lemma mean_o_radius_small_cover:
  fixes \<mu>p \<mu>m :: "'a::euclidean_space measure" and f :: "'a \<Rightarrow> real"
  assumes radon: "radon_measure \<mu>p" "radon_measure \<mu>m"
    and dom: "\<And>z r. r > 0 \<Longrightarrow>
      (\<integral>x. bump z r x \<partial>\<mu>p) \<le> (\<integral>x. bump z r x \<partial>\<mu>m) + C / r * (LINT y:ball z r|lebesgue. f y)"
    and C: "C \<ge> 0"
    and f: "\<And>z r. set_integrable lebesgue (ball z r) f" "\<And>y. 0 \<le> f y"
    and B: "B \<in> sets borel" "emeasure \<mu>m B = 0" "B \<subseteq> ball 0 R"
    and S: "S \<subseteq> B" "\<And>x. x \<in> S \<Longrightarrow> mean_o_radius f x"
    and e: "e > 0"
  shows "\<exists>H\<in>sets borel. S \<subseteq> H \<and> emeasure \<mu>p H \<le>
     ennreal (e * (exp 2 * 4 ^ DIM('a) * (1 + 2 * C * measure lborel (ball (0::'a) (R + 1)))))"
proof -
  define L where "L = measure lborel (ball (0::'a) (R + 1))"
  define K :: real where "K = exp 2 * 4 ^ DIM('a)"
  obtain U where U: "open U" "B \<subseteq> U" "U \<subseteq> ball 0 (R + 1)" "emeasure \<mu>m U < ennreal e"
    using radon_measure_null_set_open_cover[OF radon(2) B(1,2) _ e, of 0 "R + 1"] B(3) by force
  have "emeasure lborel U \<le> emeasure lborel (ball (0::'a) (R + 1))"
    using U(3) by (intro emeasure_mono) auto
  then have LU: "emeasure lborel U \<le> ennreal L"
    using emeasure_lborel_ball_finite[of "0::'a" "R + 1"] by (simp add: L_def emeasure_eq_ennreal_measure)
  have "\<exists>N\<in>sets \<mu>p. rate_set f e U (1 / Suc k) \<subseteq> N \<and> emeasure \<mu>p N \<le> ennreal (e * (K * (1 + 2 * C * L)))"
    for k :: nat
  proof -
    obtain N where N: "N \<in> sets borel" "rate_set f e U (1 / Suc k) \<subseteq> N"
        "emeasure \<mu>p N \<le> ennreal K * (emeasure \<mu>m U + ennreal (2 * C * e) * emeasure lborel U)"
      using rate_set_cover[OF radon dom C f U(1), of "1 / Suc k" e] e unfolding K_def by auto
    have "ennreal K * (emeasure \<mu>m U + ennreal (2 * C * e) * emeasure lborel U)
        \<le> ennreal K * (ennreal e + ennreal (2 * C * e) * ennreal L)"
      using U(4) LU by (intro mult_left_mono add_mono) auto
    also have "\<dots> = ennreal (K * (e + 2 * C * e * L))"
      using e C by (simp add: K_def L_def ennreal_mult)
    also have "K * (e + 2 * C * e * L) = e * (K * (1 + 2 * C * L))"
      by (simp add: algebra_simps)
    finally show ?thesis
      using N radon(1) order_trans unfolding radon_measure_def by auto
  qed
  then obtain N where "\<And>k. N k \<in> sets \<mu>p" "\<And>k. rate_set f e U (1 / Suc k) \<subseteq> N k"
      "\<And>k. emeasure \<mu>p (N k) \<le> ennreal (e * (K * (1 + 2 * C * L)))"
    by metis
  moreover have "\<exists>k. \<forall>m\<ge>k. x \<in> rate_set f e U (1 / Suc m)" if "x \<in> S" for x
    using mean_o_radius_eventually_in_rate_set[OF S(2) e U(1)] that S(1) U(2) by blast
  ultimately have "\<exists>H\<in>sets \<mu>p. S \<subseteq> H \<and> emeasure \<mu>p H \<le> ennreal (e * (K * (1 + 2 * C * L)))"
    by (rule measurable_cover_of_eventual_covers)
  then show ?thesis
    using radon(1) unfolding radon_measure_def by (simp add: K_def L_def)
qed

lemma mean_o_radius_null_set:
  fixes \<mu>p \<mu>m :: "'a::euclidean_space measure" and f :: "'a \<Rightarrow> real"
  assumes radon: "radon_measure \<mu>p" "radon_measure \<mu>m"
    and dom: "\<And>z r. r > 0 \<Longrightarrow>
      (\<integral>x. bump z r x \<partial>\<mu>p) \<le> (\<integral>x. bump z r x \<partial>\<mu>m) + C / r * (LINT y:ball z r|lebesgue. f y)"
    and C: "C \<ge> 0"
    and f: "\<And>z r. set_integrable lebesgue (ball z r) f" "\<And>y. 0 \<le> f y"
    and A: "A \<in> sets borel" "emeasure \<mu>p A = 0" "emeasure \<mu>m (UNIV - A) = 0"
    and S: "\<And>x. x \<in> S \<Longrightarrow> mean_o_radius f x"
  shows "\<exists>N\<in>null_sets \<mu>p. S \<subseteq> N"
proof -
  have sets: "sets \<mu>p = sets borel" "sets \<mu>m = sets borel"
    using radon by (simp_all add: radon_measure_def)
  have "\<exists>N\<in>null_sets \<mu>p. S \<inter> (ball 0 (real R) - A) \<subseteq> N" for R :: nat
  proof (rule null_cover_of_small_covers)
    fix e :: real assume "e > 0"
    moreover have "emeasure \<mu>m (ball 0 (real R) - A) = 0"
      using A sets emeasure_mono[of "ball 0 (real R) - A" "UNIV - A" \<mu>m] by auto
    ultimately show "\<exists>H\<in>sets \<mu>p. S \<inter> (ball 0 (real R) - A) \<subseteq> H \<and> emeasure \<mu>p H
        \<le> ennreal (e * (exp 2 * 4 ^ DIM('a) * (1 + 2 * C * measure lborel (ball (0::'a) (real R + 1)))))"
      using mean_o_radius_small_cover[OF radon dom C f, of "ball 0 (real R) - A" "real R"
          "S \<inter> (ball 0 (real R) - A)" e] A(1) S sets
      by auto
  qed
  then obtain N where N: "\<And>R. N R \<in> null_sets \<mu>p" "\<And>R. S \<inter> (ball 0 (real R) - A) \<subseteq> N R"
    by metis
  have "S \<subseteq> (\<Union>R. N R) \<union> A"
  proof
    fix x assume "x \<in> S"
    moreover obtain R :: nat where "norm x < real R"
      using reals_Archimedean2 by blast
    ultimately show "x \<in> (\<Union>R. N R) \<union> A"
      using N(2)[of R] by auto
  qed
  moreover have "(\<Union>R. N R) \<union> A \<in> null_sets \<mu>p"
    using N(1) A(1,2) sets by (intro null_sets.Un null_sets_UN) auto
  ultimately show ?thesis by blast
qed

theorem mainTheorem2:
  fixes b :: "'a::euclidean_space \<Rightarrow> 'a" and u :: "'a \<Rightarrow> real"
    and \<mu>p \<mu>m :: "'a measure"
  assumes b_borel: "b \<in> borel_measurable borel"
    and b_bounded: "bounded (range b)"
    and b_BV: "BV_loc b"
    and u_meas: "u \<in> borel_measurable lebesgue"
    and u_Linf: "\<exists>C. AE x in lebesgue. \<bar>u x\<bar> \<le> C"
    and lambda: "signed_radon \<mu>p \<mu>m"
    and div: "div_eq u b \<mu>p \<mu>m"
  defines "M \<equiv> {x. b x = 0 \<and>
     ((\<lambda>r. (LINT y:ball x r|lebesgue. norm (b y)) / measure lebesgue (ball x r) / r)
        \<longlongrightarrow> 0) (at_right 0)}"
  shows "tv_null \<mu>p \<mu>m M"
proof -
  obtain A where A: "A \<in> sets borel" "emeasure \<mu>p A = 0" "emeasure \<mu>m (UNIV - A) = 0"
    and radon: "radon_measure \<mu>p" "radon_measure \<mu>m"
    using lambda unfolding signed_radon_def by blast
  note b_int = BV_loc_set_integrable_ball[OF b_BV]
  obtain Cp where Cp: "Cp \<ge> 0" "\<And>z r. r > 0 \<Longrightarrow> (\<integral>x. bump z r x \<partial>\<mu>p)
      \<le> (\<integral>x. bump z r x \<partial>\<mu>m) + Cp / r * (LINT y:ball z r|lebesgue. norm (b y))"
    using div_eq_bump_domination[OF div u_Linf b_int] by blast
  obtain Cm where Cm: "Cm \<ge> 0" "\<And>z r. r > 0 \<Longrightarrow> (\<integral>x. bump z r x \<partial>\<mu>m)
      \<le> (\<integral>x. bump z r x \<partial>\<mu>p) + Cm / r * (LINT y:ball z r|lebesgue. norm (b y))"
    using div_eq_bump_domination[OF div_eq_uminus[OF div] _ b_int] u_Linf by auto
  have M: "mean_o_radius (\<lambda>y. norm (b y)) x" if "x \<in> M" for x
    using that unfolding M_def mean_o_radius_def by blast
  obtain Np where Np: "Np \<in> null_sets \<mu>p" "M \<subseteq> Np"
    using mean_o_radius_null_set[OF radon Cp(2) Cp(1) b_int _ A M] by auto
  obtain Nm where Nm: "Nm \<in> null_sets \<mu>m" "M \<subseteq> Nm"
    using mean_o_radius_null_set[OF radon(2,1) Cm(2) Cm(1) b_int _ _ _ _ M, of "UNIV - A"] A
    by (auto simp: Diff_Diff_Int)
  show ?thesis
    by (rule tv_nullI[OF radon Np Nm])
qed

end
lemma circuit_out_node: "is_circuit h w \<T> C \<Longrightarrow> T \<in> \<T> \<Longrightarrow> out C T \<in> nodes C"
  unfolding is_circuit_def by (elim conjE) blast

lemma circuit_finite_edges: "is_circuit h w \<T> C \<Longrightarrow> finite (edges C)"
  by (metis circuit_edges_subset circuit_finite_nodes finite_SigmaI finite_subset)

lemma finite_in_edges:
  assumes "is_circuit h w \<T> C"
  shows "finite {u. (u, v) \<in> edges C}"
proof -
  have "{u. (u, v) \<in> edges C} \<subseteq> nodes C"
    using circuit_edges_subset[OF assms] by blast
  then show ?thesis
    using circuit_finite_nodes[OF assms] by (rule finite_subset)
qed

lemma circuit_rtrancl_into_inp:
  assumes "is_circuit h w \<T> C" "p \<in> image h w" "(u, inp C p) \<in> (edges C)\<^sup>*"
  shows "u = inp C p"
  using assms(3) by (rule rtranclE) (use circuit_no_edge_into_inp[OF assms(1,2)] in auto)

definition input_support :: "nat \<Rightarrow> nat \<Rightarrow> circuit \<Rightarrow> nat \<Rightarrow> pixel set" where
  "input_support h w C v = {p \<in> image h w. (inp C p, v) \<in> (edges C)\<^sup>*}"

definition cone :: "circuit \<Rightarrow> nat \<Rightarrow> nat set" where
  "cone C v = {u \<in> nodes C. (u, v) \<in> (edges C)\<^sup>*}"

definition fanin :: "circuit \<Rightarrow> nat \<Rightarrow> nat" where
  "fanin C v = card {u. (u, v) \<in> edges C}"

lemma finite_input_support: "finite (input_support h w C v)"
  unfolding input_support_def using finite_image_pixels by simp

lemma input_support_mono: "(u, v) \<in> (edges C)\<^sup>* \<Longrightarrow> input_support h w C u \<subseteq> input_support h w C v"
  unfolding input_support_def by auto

........

> **Activity**: In the reply, include exactly the lines from the beginning of the entries above through the line holding "borel. S \<subseteq>", and nothing besides.

> **Result for this exercise**:
lemma mean_o_radius_small_cover:
  fixes \<mu>p \<mu>m :: "'a::euclidean_space measure" and f :: "'a \<Rightarrow> real"
  assumes radon: "radon_measure \<mu>p" "radon_measure \<mu>m"
    and dom: "\<And>z r. r > 0 \<Longrightarrow>
      (\<integral>x. bump z r x \<partial>\<mu>p) \<le> (\<integral>x. bump z r x \<partial>\<mu>m) + C / r * (LINT y:ball z r|lebesgue. f y)"
    and C: "C \<ge> 0"
    and f: "\<And>z r. set_integrable lebesgue (ball z r) f" "\<And>y. 0 \<le> f y"
    and B: "B \<in> sets borel" "emeasure \<mu>m B = 0" "B \<subseteq> ball 0 R"
    and S: "S \<subseteq> B" "\<And>x. x \<in> S \<Longrightarrow> mean_o_radius f x"
    and e: "e > 0"
  shows "\<exists>H\<in>sets borel. S \<subseteq> H \<and> emeasure \<mu>p H \<le>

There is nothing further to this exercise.